YOUR GOAL
Take the entries below and print only the lines from the one with "M' + degree" through the one with "(\<lambda>x. \<Sum>j=1..n. pd", exactly as they stand, both ends included.

SOURCE DATA
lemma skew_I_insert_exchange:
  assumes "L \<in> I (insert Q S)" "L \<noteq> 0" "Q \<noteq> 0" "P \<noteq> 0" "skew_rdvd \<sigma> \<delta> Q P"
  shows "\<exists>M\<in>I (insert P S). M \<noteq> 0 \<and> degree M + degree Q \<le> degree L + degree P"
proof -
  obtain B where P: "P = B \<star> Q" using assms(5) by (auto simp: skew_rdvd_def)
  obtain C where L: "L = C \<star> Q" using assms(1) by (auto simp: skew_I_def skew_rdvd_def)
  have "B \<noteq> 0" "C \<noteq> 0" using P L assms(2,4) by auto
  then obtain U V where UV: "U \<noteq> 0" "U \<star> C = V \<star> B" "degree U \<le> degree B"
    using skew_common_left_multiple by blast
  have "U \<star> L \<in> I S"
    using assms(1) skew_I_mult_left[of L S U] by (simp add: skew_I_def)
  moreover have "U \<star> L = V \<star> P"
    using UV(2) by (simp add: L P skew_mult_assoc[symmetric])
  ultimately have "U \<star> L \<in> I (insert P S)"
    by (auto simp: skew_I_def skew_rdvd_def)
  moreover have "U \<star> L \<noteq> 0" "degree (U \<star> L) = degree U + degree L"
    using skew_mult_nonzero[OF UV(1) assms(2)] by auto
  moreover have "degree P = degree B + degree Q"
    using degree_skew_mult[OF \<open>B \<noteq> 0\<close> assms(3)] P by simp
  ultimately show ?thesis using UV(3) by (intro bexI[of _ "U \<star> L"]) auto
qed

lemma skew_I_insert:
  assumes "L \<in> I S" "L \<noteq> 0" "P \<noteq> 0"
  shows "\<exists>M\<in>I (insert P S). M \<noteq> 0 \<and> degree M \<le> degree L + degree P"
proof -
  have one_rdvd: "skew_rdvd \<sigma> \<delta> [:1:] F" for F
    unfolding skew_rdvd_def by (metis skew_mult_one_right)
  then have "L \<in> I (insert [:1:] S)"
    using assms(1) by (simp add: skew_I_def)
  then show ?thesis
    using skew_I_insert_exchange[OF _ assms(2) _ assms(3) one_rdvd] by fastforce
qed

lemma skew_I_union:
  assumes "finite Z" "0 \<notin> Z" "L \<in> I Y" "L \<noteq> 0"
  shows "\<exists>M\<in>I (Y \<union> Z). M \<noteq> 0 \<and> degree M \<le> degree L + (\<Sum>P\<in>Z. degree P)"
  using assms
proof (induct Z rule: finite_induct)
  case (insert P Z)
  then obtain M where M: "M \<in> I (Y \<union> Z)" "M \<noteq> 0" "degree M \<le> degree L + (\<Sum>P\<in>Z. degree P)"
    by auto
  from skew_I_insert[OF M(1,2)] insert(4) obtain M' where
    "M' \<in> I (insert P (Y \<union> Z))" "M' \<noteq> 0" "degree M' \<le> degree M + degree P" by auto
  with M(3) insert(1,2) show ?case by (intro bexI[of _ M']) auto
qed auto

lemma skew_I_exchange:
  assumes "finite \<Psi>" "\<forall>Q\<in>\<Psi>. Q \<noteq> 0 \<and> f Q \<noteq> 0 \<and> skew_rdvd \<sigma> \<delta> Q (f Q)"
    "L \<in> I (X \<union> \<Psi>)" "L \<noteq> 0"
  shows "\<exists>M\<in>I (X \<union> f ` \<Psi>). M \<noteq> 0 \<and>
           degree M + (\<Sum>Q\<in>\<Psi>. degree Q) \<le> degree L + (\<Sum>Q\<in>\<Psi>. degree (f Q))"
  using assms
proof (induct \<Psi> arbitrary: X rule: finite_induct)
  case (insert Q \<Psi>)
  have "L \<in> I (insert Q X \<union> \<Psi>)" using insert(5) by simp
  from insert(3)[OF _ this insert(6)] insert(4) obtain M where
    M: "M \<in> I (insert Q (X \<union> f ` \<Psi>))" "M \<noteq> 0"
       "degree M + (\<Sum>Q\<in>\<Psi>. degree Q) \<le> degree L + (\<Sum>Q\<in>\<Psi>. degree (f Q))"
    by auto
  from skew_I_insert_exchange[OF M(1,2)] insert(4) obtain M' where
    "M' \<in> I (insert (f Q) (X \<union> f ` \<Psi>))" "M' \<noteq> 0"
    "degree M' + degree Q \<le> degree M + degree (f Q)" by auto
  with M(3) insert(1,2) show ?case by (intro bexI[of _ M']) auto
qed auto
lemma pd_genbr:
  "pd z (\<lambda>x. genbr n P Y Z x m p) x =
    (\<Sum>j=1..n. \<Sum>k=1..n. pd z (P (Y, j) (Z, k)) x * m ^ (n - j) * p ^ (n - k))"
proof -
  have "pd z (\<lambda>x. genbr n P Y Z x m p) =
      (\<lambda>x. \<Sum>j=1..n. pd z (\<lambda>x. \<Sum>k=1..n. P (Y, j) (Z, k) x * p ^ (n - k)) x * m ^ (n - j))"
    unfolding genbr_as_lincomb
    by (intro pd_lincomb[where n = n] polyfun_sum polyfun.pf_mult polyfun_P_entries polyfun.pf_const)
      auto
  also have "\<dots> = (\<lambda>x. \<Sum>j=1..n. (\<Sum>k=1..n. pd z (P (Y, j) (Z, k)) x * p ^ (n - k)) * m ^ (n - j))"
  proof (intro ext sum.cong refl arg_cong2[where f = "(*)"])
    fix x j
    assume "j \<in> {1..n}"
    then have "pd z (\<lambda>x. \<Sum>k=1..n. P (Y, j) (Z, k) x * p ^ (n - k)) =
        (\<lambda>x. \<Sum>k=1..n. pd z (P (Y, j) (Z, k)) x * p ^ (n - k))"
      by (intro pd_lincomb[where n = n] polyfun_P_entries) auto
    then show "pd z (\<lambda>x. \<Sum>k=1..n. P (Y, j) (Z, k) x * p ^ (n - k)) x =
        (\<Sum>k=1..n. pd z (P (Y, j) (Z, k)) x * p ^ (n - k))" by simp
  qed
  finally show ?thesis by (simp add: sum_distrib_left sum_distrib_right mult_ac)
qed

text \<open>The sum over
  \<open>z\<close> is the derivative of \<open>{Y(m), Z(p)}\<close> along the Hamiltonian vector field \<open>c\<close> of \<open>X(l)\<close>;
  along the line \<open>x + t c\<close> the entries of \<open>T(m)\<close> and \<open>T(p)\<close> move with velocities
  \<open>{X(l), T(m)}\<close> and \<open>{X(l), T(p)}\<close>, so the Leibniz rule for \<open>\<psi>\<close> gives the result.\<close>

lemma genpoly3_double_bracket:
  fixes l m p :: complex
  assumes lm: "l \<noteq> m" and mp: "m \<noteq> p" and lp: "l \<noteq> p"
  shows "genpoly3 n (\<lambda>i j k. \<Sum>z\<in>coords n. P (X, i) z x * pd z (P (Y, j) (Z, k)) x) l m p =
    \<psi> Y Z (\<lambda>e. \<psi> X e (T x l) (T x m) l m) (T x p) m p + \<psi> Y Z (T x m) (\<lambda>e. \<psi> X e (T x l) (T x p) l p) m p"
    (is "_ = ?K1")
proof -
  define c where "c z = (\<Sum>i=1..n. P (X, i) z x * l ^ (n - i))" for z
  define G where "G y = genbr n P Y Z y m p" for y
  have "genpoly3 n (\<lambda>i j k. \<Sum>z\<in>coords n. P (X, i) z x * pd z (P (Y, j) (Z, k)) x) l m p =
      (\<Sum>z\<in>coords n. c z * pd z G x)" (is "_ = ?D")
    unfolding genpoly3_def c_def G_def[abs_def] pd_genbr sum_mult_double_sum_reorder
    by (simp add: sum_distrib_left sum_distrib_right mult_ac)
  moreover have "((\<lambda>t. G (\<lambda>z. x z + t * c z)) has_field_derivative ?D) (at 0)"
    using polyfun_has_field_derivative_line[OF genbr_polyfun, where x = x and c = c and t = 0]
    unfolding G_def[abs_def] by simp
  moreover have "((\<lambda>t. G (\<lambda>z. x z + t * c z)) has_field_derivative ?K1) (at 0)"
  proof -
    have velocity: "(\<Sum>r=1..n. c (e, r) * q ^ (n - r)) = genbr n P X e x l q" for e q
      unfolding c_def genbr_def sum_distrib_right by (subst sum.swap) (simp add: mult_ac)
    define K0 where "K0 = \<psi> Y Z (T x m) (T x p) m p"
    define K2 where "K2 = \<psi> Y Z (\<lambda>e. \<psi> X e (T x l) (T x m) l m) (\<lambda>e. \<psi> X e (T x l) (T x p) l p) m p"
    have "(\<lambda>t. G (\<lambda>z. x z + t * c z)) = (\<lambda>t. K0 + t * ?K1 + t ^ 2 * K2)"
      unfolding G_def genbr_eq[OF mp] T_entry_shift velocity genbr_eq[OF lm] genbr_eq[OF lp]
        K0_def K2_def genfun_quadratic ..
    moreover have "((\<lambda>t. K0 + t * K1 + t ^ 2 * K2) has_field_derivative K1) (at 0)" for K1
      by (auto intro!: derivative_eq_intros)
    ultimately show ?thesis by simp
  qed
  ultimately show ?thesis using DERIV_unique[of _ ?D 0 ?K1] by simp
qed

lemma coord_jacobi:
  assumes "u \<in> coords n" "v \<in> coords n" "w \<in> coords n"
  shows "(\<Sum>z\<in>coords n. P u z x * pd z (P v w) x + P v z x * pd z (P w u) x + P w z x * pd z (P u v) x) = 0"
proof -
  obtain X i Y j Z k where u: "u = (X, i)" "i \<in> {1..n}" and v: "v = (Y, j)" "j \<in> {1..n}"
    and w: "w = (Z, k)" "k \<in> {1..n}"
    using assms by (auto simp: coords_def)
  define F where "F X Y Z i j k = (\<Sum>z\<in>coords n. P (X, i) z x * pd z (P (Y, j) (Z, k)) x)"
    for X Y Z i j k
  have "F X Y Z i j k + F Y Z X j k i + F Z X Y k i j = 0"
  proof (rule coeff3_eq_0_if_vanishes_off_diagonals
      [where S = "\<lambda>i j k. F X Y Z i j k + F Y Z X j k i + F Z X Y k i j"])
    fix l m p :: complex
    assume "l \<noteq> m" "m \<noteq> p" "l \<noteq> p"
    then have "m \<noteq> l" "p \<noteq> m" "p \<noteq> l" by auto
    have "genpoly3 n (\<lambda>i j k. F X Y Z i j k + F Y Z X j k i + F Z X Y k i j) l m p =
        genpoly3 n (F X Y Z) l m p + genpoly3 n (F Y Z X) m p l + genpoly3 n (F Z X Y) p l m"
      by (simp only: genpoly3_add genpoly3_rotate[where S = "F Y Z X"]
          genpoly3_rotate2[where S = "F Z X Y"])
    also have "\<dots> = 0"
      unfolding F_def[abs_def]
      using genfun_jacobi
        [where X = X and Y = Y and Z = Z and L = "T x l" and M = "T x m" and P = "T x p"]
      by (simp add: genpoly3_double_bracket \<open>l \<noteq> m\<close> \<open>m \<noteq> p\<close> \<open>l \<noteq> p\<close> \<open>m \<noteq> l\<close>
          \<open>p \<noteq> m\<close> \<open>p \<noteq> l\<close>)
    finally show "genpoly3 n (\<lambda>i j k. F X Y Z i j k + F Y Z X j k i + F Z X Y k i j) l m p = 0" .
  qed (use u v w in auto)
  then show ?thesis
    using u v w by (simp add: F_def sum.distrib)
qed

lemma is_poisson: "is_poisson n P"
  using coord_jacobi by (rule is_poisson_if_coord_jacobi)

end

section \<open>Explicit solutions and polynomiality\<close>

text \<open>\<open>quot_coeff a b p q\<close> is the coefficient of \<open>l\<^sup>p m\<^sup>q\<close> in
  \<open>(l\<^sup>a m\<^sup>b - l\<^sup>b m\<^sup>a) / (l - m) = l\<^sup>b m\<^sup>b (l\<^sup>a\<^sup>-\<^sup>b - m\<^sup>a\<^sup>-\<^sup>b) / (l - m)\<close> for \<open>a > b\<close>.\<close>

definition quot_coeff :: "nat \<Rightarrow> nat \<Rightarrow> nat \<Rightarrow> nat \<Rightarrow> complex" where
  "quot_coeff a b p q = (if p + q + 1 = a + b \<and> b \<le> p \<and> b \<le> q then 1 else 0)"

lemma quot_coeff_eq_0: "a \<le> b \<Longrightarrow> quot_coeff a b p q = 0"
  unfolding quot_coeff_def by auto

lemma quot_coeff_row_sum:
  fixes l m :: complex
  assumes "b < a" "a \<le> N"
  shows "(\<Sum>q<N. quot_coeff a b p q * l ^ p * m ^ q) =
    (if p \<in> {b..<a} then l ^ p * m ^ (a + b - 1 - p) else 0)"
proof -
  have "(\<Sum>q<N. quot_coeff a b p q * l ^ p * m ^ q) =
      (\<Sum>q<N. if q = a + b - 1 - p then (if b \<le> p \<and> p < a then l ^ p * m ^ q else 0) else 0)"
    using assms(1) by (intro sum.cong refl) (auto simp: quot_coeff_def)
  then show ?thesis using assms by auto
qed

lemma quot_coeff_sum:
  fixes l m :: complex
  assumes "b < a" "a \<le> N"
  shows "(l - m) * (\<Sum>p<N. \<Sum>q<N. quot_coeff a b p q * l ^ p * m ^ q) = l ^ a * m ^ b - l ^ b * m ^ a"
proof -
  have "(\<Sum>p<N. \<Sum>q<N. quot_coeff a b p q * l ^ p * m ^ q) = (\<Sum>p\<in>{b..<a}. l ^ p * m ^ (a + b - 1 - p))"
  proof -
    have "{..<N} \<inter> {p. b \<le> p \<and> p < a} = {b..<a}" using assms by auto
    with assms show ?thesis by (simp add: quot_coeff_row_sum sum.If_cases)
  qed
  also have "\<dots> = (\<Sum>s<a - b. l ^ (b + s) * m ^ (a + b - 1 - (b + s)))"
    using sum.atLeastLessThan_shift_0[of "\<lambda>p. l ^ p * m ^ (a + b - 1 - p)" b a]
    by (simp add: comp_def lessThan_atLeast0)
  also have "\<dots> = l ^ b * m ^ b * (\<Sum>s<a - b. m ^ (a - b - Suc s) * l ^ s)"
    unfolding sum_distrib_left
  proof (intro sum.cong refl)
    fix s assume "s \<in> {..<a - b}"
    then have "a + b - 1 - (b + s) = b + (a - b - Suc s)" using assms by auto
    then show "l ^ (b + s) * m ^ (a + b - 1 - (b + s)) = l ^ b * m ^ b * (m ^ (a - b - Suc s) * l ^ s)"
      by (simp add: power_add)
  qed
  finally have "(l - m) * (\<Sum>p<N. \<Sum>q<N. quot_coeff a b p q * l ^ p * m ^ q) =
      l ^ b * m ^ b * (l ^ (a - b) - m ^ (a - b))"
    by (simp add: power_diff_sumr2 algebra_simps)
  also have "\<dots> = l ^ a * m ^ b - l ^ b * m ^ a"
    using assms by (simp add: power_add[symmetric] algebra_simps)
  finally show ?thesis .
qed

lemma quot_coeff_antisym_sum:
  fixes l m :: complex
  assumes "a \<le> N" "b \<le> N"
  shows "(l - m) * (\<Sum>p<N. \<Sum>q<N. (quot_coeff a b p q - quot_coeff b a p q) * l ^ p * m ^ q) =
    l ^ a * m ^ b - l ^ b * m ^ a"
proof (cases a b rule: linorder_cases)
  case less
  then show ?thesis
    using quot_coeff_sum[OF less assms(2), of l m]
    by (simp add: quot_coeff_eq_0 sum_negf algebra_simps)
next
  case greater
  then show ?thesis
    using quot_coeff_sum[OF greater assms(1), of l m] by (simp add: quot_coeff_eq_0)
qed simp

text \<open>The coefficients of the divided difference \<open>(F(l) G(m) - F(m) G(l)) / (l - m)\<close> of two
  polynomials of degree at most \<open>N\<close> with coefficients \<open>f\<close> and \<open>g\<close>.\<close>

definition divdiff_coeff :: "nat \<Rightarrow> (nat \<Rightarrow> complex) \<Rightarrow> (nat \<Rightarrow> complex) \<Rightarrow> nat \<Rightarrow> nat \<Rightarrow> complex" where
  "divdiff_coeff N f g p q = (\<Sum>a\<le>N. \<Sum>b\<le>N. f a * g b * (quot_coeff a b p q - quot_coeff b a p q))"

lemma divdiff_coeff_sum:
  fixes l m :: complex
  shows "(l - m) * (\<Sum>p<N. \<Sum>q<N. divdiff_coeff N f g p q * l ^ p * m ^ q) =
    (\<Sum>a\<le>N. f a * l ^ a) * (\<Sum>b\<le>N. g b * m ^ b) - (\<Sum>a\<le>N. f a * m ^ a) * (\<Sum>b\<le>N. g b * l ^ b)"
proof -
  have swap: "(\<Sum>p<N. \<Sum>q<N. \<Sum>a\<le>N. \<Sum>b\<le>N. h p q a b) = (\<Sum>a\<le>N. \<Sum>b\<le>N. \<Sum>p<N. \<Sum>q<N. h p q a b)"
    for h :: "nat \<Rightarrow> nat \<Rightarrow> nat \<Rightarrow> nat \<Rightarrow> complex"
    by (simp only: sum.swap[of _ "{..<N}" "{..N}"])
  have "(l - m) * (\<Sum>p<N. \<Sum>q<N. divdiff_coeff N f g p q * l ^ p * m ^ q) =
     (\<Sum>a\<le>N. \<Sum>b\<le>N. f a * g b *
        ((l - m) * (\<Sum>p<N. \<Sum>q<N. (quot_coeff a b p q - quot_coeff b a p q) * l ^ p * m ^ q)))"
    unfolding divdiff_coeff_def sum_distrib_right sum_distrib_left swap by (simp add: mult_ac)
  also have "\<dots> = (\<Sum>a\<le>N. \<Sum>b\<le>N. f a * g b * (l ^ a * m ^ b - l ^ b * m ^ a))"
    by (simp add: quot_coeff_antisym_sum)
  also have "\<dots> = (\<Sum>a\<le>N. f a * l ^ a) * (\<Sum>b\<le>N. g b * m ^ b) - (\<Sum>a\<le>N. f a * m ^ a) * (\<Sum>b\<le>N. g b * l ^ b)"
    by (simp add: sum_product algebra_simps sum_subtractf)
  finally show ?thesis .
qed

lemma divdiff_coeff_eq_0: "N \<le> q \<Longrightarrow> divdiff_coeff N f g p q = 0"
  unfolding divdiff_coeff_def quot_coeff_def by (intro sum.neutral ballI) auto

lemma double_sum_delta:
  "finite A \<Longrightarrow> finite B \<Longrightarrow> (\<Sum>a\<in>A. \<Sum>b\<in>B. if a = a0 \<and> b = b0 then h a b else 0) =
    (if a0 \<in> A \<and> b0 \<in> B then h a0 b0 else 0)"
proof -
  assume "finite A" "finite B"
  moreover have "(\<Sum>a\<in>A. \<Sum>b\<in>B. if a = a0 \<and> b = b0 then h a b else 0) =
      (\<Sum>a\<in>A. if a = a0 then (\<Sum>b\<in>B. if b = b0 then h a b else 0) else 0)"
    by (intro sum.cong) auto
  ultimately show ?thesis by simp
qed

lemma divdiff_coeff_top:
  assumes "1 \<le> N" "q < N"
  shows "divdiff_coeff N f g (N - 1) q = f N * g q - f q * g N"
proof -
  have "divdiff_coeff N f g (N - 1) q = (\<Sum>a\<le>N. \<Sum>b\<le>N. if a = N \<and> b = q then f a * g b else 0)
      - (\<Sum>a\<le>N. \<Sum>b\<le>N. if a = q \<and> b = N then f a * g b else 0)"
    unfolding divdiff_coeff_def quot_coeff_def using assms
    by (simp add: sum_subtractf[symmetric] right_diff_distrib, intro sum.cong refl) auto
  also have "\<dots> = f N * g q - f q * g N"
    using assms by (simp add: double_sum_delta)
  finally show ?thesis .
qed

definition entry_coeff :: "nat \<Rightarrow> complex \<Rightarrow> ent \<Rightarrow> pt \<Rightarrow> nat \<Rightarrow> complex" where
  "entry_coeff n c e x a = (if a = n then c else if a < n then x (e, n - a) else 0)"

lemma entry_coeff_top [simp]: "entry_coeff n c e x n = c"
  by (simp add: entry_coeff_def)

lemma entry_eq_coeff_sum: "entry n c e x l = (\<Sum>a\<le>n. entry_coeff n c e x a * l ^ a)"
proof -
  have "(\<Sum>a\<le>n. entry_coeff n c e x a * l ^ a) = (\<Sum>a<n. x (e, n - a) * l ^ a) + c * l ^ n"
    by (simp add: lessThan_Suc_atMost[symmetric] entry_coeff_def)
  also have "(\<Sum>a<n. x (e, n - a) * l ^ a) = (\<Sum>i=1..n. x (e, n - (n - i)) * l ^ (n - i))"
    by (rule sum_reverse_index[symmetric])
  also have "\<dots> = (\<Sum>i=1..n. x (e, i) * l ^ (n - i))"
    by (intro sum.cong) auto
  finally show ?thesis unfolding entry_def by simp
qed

EXERCISE OUTPUT
    "degree M' + degree Q \<le> degree M + degree (f Q)" by auto
  with M(3) insert(1,2) show ?case by (intro bexI[of _ M']) auto
qed auto
lemma pd_genbr:
  "pd z (\<lambda>x. genbr n P Y Z x m p) x =
    (\<Sum>j=1..n. \<Sum>k=1..n. pd z (P (Y, j) (Z, k)) x * m ^ (n - j) * p ^ (n - k))"
proof -
  have "pd z (\<lambda>x. genbr n P Y Z x m p) =
      (\<lambda>x. \<Sum>j=1..n. pd z (\<lambda>x. \<Sum>k=1..n. P (Y, j) (Z, k) x * p ^ (n - k)) x * m ^ (n - j))"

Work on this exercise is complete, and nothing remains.